## Description of the task
In the material below, how many lines contain "assumes"? Answer with the number alone.

## Records for the task
lemma gr_mult_gr_map:
  assumes "monoid G" and mon: "h \<in> mon G H"
    and supp: "gsupp x \<subseteq> carrier G" "gsupp y \<subseteq> carrier G"
  shows "gr_mult H (gr_map G h x) (gr_map G h y) = gr_map G h (gr_mult G x y)"
proof
  fix a
  have hom: "h \<in> hom G H" and inj: "inj_on h (carrier G)"
    using mon by (auto simp: mon_def)
  define P where "P = {(u, v). u \<in> gsupp x \<and> v \<in> gsupp y \<and> h (u \<otimes>\<^bsub>G\<^esub> v) = a}"
  have pairs: "{(p, q). p \<in> gsupp (gr_map G h x) \<and> q \<in> gsupp (gr_map G h y) \<and> p \<otimes>\<^bsub>H\<^esub> q = a}
      = map_prod h h ` P"
    using supp hom by (auto simp: gsupp_gr_map[OF inj] P_def hom_mult subset_iff)
  have "inj_on (map_prod h h) P"
    by (rule inj_on_subset[OF map_prod_inj_on[OF inj inj]]) (use supp in \<open>auto simp: P_def\<close>)
  then have "gr_mult H (gr_map G h x) (gr_map G h y) a =
      (\<Sum>p\<in>P. gr_map G h x (h (fst p)) * gr_map G h y (h (snd p)))"
    unfolding gr_mult_def pairs by (simp add: sum.reindex)
  also have "\<dots> = (\<Sum>(u, v)\<in>P. x u * y v)"
    using supp by (intro sum.cong) (auto simp: gr_map_apply[OF inj] P_def subset_iff)
  also have "\<dots> = gr_map G h (gr_mult G x y) a"
  proof (cases "a \<in> h ` carrier G")
    case True
    then obtain b where b: "b \<in> carrier G" "a = h b"
      by blast
    have "P = {(u, v). u \<in> gsupp x \<and> v \<in> gsupp y \<and> u \<otimes>\<^bsub>G\<^esub> v = b}"
      using supp b inj monoid.m_closed[OF \<open>monoid G\<close>] by (auto simp: P_def subset_iff inj_on_eq_iff)
    then show ?thesis
      using b by (simp add: gr_mult_def gr_map_apply[OF inj] case_prod_unfold)
  next
    case False
    then have "P = {}"
      using supp monoid.m_closed[OF \<open>monoid G\<close>] by (auto simp: P_def subset_iff)
    with False show ?thesis
      by (simp add: gr_map_def)
  qed
  finally show "gr_mult H (gr_map G h x) (gr_map G h y) a = gr_map G h (gr_mult G x y) a" .
qed

lemma gr_map_gr_one:
  assumes "group G" "group H" "h \<in> mon G H"
  shows "gr_map G h (gr_one G) = gr_one H"
proof
  fix a
  interpret group_hom G H h
    using assms by (simp add: group_hom_def group_hom_axioms_def mon_def)
  have inj: "inj_on h (carrier G)"
    using assms(3) by (simp add: mon_def)
  show "gr_map G h (gr_one G) a = gr_one H a"
  proof (cases "a \<in> h ` carrier G")
    case True
    then obtain u where "u \<in> carrier G" "a = h u"
      by blast
    then show ?thesis
      using inj by (auto simp: gr_map_apply gr_one_def inj_on_eq_iff simp flip: hom_one)
  next
    case False
    then have "a \<noteq> \<one>\<^bsub>H\<^esub>"
      by (metis G.one_closed hom_one image_eqI)
    with False show ?thesis
      by (simp add: gr_map_def gr_one_def)
  qed
qed

lemma torsion_free_subgroup_generated:
  "torsion_free G \<Longrightarrow> torsion_free (subgroup_generated G A)"
  using group.carrier_subgroup_generated_subset[of G A]
  by (auto simp: torsion_free_def group.group_subgroup_generated pow_subgroup_generated)

lemma gr_mult_subgroup_generated: "gr_mult (subgroup_generated G A) = gr_mult G"
  by (simp add: gr_mult_def fun_eq_iff)

lemma gr_one_subgroup_generated: "gr_one (subgroup_generated G A) = gr_one G"
  by (simp add: gr_one_def fun_eq_iff)

lemma ex_nat_torsion_free_inverse_pair:
  fixes x y :: "'g \<Rightarrow> 'k::ring_1"
  assumes tf: "torsion_free G" and x: "grp_ring_elem G x" and y: "grp_ring_elem G y"
    and xy: "gr_mult G x y = gr_one G"
  shows "\<exists>(H :: nat monoid) (x' :: nat \<Rightarrow> 'k) y'. group H \<and> torsion_free H \<and>
    grp_ring_elem H x' \<and> grp_ring_elem H y' \<and> grank x' = grank x \<and> grank y' = grank y \<and>
    gr_mult H x' y' = gr_one H"
proof -
  have "group G"
    using tf by (simp add: torsion_free_def)
  define A where "A = gsupp x \<union> gsupp y"
  define K where "K = subgroup_generated G A"
  have A: "finite A" "A \<subseteq> carrier G"
    using x y by (auto simp: grp_ring_elem_def A_def)
  have carrier_K: "carrier K = generate G A"
    using A by (simp add: K_def carrier_subgroup_generated Int_absorb1)
  have "group K" "torsion_free K"
    using \<open>group G\<close> tf by (simp_all add: K_def group.group_subgroup_generated torsion_free_subgroup_generated)
  have supp: "gsupp x \<subseteq> carrier K" "gsupp y \<subseteq> carrier K"
    unfolding carrier_K A_def by (auto intro: generate.incl)
  then have elems: "grp_ring_elem K x" "grp_ring_elem K y"
    using x y by (simp_all add: grp_ring_elem_def)
  have xy_K: "gr_mult K x y = gr_one K"
    using xy by (simp add: K_def gr_mult_subgroup_generated gr_one_subgroup_generated)
  define h where "h = to_nat_on (carrier K)"
  have "countable (carrier K)"
    unfolding carrier_K using group.countable_generate[OF \<open>group G\<close> _ A(2)] A(1) by (simp add: countable_finite)
  then have inj: "inj_on h (carrier K)"
    unfolding h_def by (rule inj_on_to_nat_on)
  define H where "H = image_group h K"
  have "group H"
    unfolding H_def by (rule group.group_image_group[OF \<open>group K\<close> inj])
  have iso: "h \<in> iso K H"
    unfolding H_def by (rule group.iso_image_group[OF \<open>group K\<close> inj])
  then have mon: "h \<in> mon K H"
    by (simp add: iso_iff_mon_epi)
  have "gr_mult H (gr_map K h x) (gr_map K h y) = gr_one H"
    using gr_mult_gr_map[OF group.is_monoid[OF \<open>group K\<close>] mon supp] xy_K
      gr_map_gr_one[OF \<open>group K\<close> \<open>group H\<close> mon] by simp
  moreover have "torsion_free H"
    by (rule torsion_free_iso[OF \<open>torsion_free K\<close> \<open>group H\<close> iso])
  moreover have "grp_ring_elem H (gr_map K h x)" "grp_ring_elem H (gr_map K h y)"
    using grp_ring_elem_gr_map[OF mon] elems by blast+
  moreover have "grank (gr_map K h x) = grank x" "grank (gr_map K h y) = grank y"
    using grank_gr_map[OF inj] supp by blast+
  ultimately show ?thesis
    using \<open>group H\<close> by blast
qed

## Final answer
3